Question 12.4: The parabolic semisegment OAB shown in Fig. 12-15 has base b......
The parabolic semisegment OAB shown in Fig. 12-15 has base b and height h. Using the parallel-axis theorem, determine the moments of inertia I_{x_c} and I_{y_c} with respect to the centroidal axes x_c and y_c.
We can use the parallel-axis theorem (rather than integration) to find the centroidal moments of inertia because we already know the area A. the centroidal coordinates \bar{x} and \bar{y}. and the moments of inertia I_x and I_y with respect to the x and y axes. These quantities were obtained earlier in Examples 12-1 and 12-3. They also are listed in Case 17 of Appendix D and are repeated here:
A=\frac{2bh}{3}\quad \bar{x}=\frac{3b}{8}\quad \bar{y}=\frac{2h}{5}\quad I_x=\frac{16bh^3}{105}\quad I_y=\frac{2hb^3}{15}
To obtain the moment of inertia with respect to the x_c axis, we write the parallel-axis theorem as follows:
I_x=I_{x_c}+A\bar{y}^2
Therefore, the moment of inertia I_{x_c} is
I_{x_c}=I_x\ -\ A\bar{y}^2=\frac{16bh^3}{105}\ -\ \frac{2bh}{3}\left(\frac{2h}{5}\right)^2=\frac{8bh^3}{175} (12-13a)
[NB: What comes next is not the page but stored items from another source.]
lemma pos_def_matrix_inv:
  fixes A :: "real^'n^'n"
  assumes A: "pos_def A"
  shows "pos_def (matrix_inv A)"
  unfolding pos_def_def
proof (intro conjI allI impI)
  have "invertible A" by (rule pos_def_invertible[OF A])
  then show "transpose (matrix_inv A) = matrix_inv A"
    using matrix_inv_transpose pos_def_symmetric[OF A] by metis
  fix x :: "real^'n" assume "x \<noteq> 0"
  define y where "y = matrix_inv A *v x"
  have x: "x = A *v y" unfolding y_def by (simp add: mult_vector_matrix_inv_cancel \<open>invertible A\<close>)
  then have "y \<noteq> 0" using \<open>x \<noteq> 0\<close> by auto
  then have "y \<bullet> (A *v y) > 0" by (rule pos_def_pos[OF A])
  moreover have "x \<bullet> (matrix_inv A *v x) = y \<bullet> (A *v y)"
    by (simp add: x[symmetric] y_def[symmetric] inner_commute)
  ultimately show "x \<bullet> (matrix_inv A *v x) > 0" by simp
qed

lemma nonpos_if_linear_le_quadratic:
  fixes a K :: real
  assumes "\<And>t. 2 * t * a \<le> t^2 * K"
  shows "a \<le> 0"
proof (rule ccontr)
  assume "\<not> a \<le> 0"
  define t where "t = a / (\<bar>K\<bar> + 1)"
  have "t > 0" using \<open>\<not> a \<le> 0\<close> unfolding t_def by (simp add: add_pos_nonneg)
  then have "2 * a \<le> t * K" using assms[of t] by (simp add: power2_eq_square mult.assoc)
  also have "t * K \<le> t * \<bar>K\<bar>" using \<open>t > 0\<close> by (simp add: mult_left_mono)
  also have "t * \<bar>K\<bar> \<le> a" unfolding t_def using \<open>\<not> a \<le> 0\<close> by (simp add: divide_le_eq mult_left_mono)
  finally show False using \<open>\<not> a \<le> 0\<close> by simp
qed

lemma rayleigh_maximiser_eigenvector:
  fixes A :: "real^'n^'n"
  assumes A: "transpose A = A" and V: "subspace V" and invariant: "\<forall>x\<in>V. A *v x \<in> V"
    and "v \<in> V" and vv: "v \<bullet> v = 1"
    and rayleigh: "\<And>y. y \<in> V \<Longrightarrow> y \<bullet> (A *v y) \<le> (v \<bullet> (A *v v)) * (y \<bullet> y)"
  shows "A *v v = (v \<bullet> (A *v v)) *\<^sub>R v"
proof -
  define l where "l = v \<bullet> (A *v v)"
  define w where "w = A *v v - l *\<^sub>R v"
  have "w \<in> V" unfolding w_def using invariant \<open>v \<in> V\<close> V by (simp add: subspace_diff subspace_mul)
  have wv: "w \<bullet> v = 0" unfolding w_def l_def using vv
    by (simp add: inner_diff_left inner_commute[of "A *v v" v])
  have wAv: "w \<bullet> (A *v v) = w \<bullet> w"
  proof -
    have "A *v v = w + l *\<^sub>R v" unfolding w_def by simp
    then show ?thesis using wv by (simp add: inner_add_right inner_commute)
  qed
  text \<open>Along \<open>v + t w\<close> the Rayleigh bound is \<open>2 t |w|\<^sup>2 \<le> t\<^sup>2 K\<close>,
    impossible for small \<open>t > 0\<close> unless \<open>w = 0\<close>.\<close>
  define K where "K = l * (w \<bullet> w) - w \<bullet> (A *v w)"
  have quadratic: "2 * t * (w \<bullet> w) \<le> t^2 * K" for t
  proof -
    have "v + t *\<^sub>R w \<in> V" using \<open>v \<in> V\<close> \<open>w \<in> V\<close> V by (simp add: subspace_add subspace_mul)
    then have b: "(v + t *\<^sub>R w) \<bullet> (A *v (v + t *\<^sub>R w)) \<le> l * ((v + t *\<^sub>R w) \<bullet> (v + t *\<^sub>R w))"
      unfolding l_def by (rule rayleigh)
    have "v \<bullet> (A *v w) = w \<bullet> (A *v v)"
      using inner_symmetric_matrix[OF A, of v w] by (simp add: inner_commute)
    then have "(v + t *\<^sub>R w) \<bullet> (A *v (v + t *\<^sub>R w)) = l + 2 * t * (w \<bullet> w) + t^2 * (w \<bullet> (A *v w))"
      by (simp add: matrix_vector_right_distrib matrix_vector_mult_scaleR inner_add_left inner_add_right
          l_def wAv power2_eq_square algebra_simps)
    moreover have "(v + t *\<^sub>R w) \<bullet> (v + t *\<^sub>R w) = 1 + t^2 * (w \<bullet> w)"
      using vv wv by (simp add: inner_add_left inner_add_right inner_commute power2_eq_square)
    ultimately show ?thesis using b unfolding K_def by (simp add: algebra_simps)
  qed
  have "w \<bullet> w \<le> 0" by (rule nonpos_if_linear_le_quadratic[OF quadratic])
  then have "w = 0" by (metis inner_ge_zero order_antisym inner_eq_zero_iff)
  then show ?thesis unfolding w_def l_def by simp
qed
lemma monolithic_one_in_gcd_imp_irreducible_in:
  fixes f :: "'g::ab_group_add \<Rightarrow>\<^sub>0 'a::idom"
  assumes S: "semidomain S" "add_reduced S" and f: "f \<in> monoid_semiring S"
    and card: "card (Poly_Mapping.keys f) > 1"
    and mono: "monolithic S f" and gcd: "one_in_gcd S (Poly_Mapping.lookup f ` Poly_Mapping.keys f)"
  shows "irreducible_in (monoid_semiring S) f"
proof -
  have f0: "f \<noteq> 0" using mono by (simp add: monolithic_def)
  have monomial_factor_unit: "unit_in (monoid_semiring S) p"
    if "p \<in> monoid_semiring S" "q \<in> monoid_semiring S" "f = p * q" "is_monomial p" for p q
  proof -
    obtain g s where p: "p = Poly_Mapping.single g s"
      using \<open>is_monomial p\<close> by (auto simp: is_monomial_def)
    then have "s \<in> S"
      using \<open>p \<in> monoid_semiring S\<close>
      by (simp add: single_mem_monoid_semiring_iff[OF S(1)])
    with that show ?thesis
      using unit_in_monomial_factor[OF S(1) gcd _ f0] p by blast
  qed
  have "\<not> unit_in (monoid_semiring S) f"
    using card_keys_le_1_if_unit_in[OF S, of f] card by auto
  moreover have "unit_in (monoid_semiring S) p \<or> unit_in (monoid_semiring S) q"
    if "p \<in> monoid_semiring S" "q \<in> monoid_semiring S" "f = p * q" for p q
    using mono that monomial_factor_unit[of p q] monomial_factor_unit[of q p]
    by (auto simp: monolithic_def mult.commute)
  ultimately show ?thesis
    using f f0 by (simp add: irreducible_in_def)
qed

theorem lemma3p1:
  fixes S :: "'a::idom set" and f :: "'g::linordered_ab_group_add \<Rightarrow>\<^sub>0 'a"
  assumes "semidomain S" and "add_reduced S"
    and "f \<in> monoid_semiring S"
    and "card (Poly_Mapping.keys f) > 1"
  shows "irreducible_in (monoid_semiring S) f \<longleftrightarrow>
           monolithic S f \<and> one_in_gcd S (Poly_Mapping.lookup f ` Poly_Mapping.keys f)"
  using irreducible_in_imp_monolithic[OF assms(1,2)]
    irreducible_in_imp_one_in_gcd[OF assms(1,2) _ assms(4)]
    monolithic_one_in_gcd_imp_irreducible_in[OF assms]
  by blast

end
theorem mainTheorem3:
  fixes t1 t2 t3 t4 t5 :: real
  assumes pos: "t1 > 0" "t2 > 0" "t3 > 0" "t4 > 0" "t5 > 0"
    and linindep: "\<And>q1 q2 q3 q4 q5 :: rat.
        of_rat q1 * t1 + of_rat q2 * t2 + of_rat q3 * t3 + of_rat q4 * t4 + of_rat q5 * t5 = 0 \<Longrightarrow>
        q1 = 0 \<and> q2 = 0 \<and> q3 = 0 \<and> q4 = 0 \<and> q5 = 0"
  shows "\<exists>C :: int. \<forall>T :: real. T \<ge> 0 \<longrightarrow>
    int (Nborn H_ends (H_time t1 t2 t3 t4 t5) A A T) =
        int (card {(n1, n3, n4, n5).
               2 * real n1 * t1 + 2 * real n3 * t3 + 2 * real n4 * t4 + 2 * real n5 * t5 \<le> T})
      + int (card {(n2, n3, n4, n5).
               2 * real n2 * t2 + 2 * real n3 * t3 + 2 * real n4 * t4 + 2 * real n5 * t5 \<le> T})
      - int (card {(n1, n4, n5).
               2 * real n1 * t1 + 2 * real n4 * t4 + 2 * real n5 * t5 \<le> T})
      - int (card {(n2, n4, n5).
               2 * real n2 * t2 + 2 * real n4 * t4 + 2 * real n5 * t5 \<le> T})
      + int (card {(n1, n2). 2 * real n1 * t1 + 2 * real n2 * t2 \<le> T})
      + int (card {n1. 2 * real n1 * t1 \<le> T})
      + int (card {n2. 2 * real n2 * t2 \<le> T})
      + C"
proof -
  interpret H_junction t1 t2 t3 t4 t5
    using pos linindep by unfold_locales auto
  show ?thesis by (intro exI[of _ 0] allI impI) (simp add: Nborn_at_A)
qed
In a similar manner, we obtain the moment of inertia with respect to the y_c axis:
I_{x_c}=I_y\ -\ A\bar{x}^2=\frac{2hb^3}{15}\ -\ \frac{2bh}{3}\left(\frac{3b}{8}\right)^2=\frac{19bhb^3}{480} (12-13b)
Thus, we have found the centroidal moments of inertia of the semisegment.